For example, the envelope may include the outer boundaries of a
channel located within a store shelf, a region on an underside of
an L-shaped store shelf, a region between two store shelves, etc.
Consistent with another implementation of system 500 discussed
below, data conduit 508 may include a virtual conduit associated
with a wireless communications link between first housing 502 and
second housing 504.
[0127] FIG. 5B illustrates an exemplary configuration for mounting
first housing 502 on store shelf 510. Consistent with the present
disclosure, first housing 502 may be placed on store shelf 510,
next to or embedded in a plastic cover that may be used for
displaying prices. Alternatively, first housing 502 may be placed
or mounted on any other location in retail store 105. For example,
first housing 502 may be placed or mounted on the walls, on the
ceiling, on refrigerator units, on display units, and more. The
location and/or orientation of first housing 502 may be selected
such that a field of view of image capture device 506 may cover at
least a portion of an opposing retail shelving unit. Consistent
with the present disclosure, image capture device 506 may have a
view angle of between 50 and 80 degrees, about 62 degrees, about 67
degrees, or about 75 degrees. Consistent with the present
disclosure, image capture device 506 may include an image sensor
having sufficient image resolution to enable detection of text
associated with labels on an opposing retail shelving unit. In one
embodiment, the image sensor may include m*n pixels. For example,
image capture device 506 may have an 8 MP image sensor that
includes an array of 3280*2464 pixels. Each pixel may include at
least one photovoltaic cell that converts the photons of the
incident light to an electric signal. The electrical signal may be
converted to digital data by an A/D converter and processed by the
image processor (ISP). In one embodiment, the image sensor of image
capture device 506 may be associated with a pixel size of between
1.1.times.1.1 um2 and 1.7.times.1.7 um2, for example, 1.4.times.1.4
um2.
[0128] Consistent with the present disclosure, image capture device
506 may be associated with a lens (e.g., lens 312) having a fixed
focal length selected according to a distance expected to be
encountered between retail shelving units on opposite sides of an
aisle (e.g., distance d1 shown in FIG. 6A) and/or according to a
distance expected to be encountered between a side of a shelving
unit facing the aisle on one side of an aisle and a side of a
shelving unit facing away of the aisle on the other side of the
aisle (e.g., distance d2 shown in FIG. 6A). The focal length may
also be based on any other expected distance between the image
acquisition device and products to be imaged. As used herein, the
term "focal length" refers to the distance from the optical center
of the lens to a point where objects located at the point are
substantially brought into focus.
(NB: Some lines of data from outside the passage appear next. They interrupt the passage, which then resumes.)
(* Let $\operatorname{Hank}_n(\mathbb{C})$ be the space of $n\times n$ complex Hankel matrices. Let $\mu_h\in\operatorname{Hank}_n(\mathbb{C})^*\otimes(\mathbb{C}^n)^*\otimes\mathbb{C}^n$ be the structure tensor of the Hankel matrix-vector product $(H,v)\mapsto Hv$. Then $\operatorname{rank}(\mu_h)=\underline{\operatorname{rank}}(\mu_h)=2n-1$. Moreover, let $\mu_H\in\operatorname{Hank}_n(\mathbb{C})^*\otimes\operatorname{Hank}_n(\mathbb{C})^*\otimes\mathbb{C}^{n\times n}$ be the structure tensor of the Hankel matrix-Hankel matrix product $(H,K)\mapsto HK$. Then $\operatorname{rank}(\mu_H)\le n(2n-1)$.
   Context: A Hankel matrix is a square matrix whose $(i,j)$ entry depends only on $i+j$. Structure tensor of a bilinear map $\beta:U\times V\to W$: the unique $\mu_\beta\in U^*\otimes V^*\otimes W$ with $\beta(u,v)=\mu_\beta(u,v,\cdot)$. Rank: least number of decomposable tensors summing to the tensor; border rank: least $r$ such that it is a limit of tensors of rank at most $r$. *)

theory Defs
  imports "HOL-Analysis.Analysis"
begin

text \<open>Vectors in C^m are represented as functions nat => complex (only indices < m matter).
  A 3-tensor in C^a (x) C^b (x) C^c is a function nat => nat => nat => complex,
  only indices i < a, j < b, k < c being relevant.\<close>

definition unit_vec :: "nat \<Rightarrow> nat \<Rightarrow> complex" where
  "unit_vec i = (\<lambda>t. if t = i then 1 else 0)"

definition structure_tensor ::
  "((nat \<Rightarrow> complex) \<Rightarrow> (nat \<Rightarrow> complex) \<Rightarrow> (nat \<Rightarrow> complex)) \<Rightarrow> nat \<Rightarrow> nat \<Rightarrow> nat \<Rightarrow> complex" where
  "structure_tensor \<beta> i j k = \<beta> (unit_vec i) (unit_vec j) k"

definition rank_le :: "nat \<Rightarrow> nat \<Rightarrow> nat \<Rightarrow> (nat \<Rightarrow> nat \<Rightarrow> nat \<Rightarrow> complex) \<Rightarrow> nat \<Rightarrow> bool" where
  "rank_le a b c T r \<longleftrightarrow>
     (\<exists>u v w :: nat \<Rightarrow> nat \<Rightarrow> complex.
        \<forall>i<a. \<forall>j<b. \<forall>k<c. T i j k = (\<Sum>l<r. u l i * v l j * w l k))"

definition tensor_rank :: "nat \<Rightarrow> nat \<Rightarrow> nat \<Rightarrow> (nat \<Rightarrow> nat \<Rightarrow> nat \<Rightarrow> complex) \<Rightarrow> nat" where
  "tensor_rank a b c T = (LEAST r. rank_le a b c T r)"

text \<open>Border rank: least r such that T is a limit (in the Euclidean topology of the
  finite-dimensional space C^a (x) C^b (x) C^c, i.e. coordinatewise) of tensors of rank <= r.\<close>
definition border_rank :: "nat \<Rightarrow> nat \<Rightarrow> nat \<Rightarrow> (nat \<Rightarrow> nat \<Rightarrow> nat \<Rightarrow> complex) \<Rightarrow> nat" where
  "border_rank a b c T = (LEAST r. \<exists>S :: nat \<Rightarrow> nat \<Rightarrow> nat \<Rightarrow> nat \<Rightarrow> complex.
      (\<forall>m. rank_le a b c (S m) r) \<and>
      (\<forall>i<a. \<forall>j<b. \<forall>k<c. (\<lambda>m. S m i j k) \<longlonglongrightarrow> T i j k))"

text \<open>Hank_n(C) is identified with C^(2n-1) via h |-> the Hankel matrix (h_(i+j))_(i,j<n);
  the basis vector e_k corresponds to the Hankel matrix with ones on the k-th antidiagonal.\<close>
definition hankel :: "(nat \<Rightarrow> complex) \<Rightarrow> nat \<Rightarrow> nat \<Rightarrow> complex" where
  "hankel h = (\<lambda>i j. h (i + j))"

definition hankel_vec_prod :: "nat \<Rightarrow> (nat \<Rightarrow> complex) \<Rightarrow> (nat \<Rightarrow> complex) \<Rightarrow> (nat \<Rightarrow> complex)" where
  "hankel_vec_prod n h v = (\<lambda>i. \<Sum>j<n. hankel h i j * v j)"

text \<open>Hankel matrix-Hankel matrix product (H, K) |-> H K, with C^(n x n) identified with
  C^(n*n) via entry (i,j) |-> coordinate i*n + j.\<close>
definition hankel_hankel_prod :: "nat \<Rightarrow> (nat \<Rightarrow> complex) \<Rightarrow> (nat \<Rightarrow> complex) \<Rightarrow> (nat \<Rightarrow> complex)" where
  "hankel_hankel_prod n h g = (\<lambda>p. \<Sum>t<n. hankel h (p div n) t * hankel g t (p mod n))"

end

theory Submission imports Defs "Jordan_Normal_Form.Determinant" begin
In contrast to zoom lenses, in
fixed lenses the focus is not adjustable. The focus is typically
set at the time of lens design and remains fixed. In one
embodiment, the focal length of lens 312 may be selected based on
the distance between two sides of aisles in the retail store (e.g.,
distance d1, distance d2, and so forth). In some embodiments, image
capture device 506 may include a lens with a fixed focal length
having a fixed value between 2.5 mm and 4.5 mm, such as about 3.1
mm, about 3.4 mm, about 3.7 mm. For example, when distance d1
between two opposing retail shelving units is about 2 meters, the
focal length of the lens may be about 3.6 mm. Unless indicated
otherwise, the term "about" with regards to a numeric value is
defined as a variance of up to 5% with respect to the stated value.
Of course, image capture devices having non-fixed focal lengths may
also be used depending on the requirements of certain imaging
environments, the power and space resources available, etc.
[0129] FIG. 5C illustrates an exploded view of second housing 504.
In some embodiments, the network interface located in second
housing 504 (e.g., network interface 306) may be configured to
transmit to server 135 information associated with a plurality of
images captured by image capture device 506. For example, the
transmitted information may be used to determine if a disparity
exists between at least one contractual obligation (e.g. planogram)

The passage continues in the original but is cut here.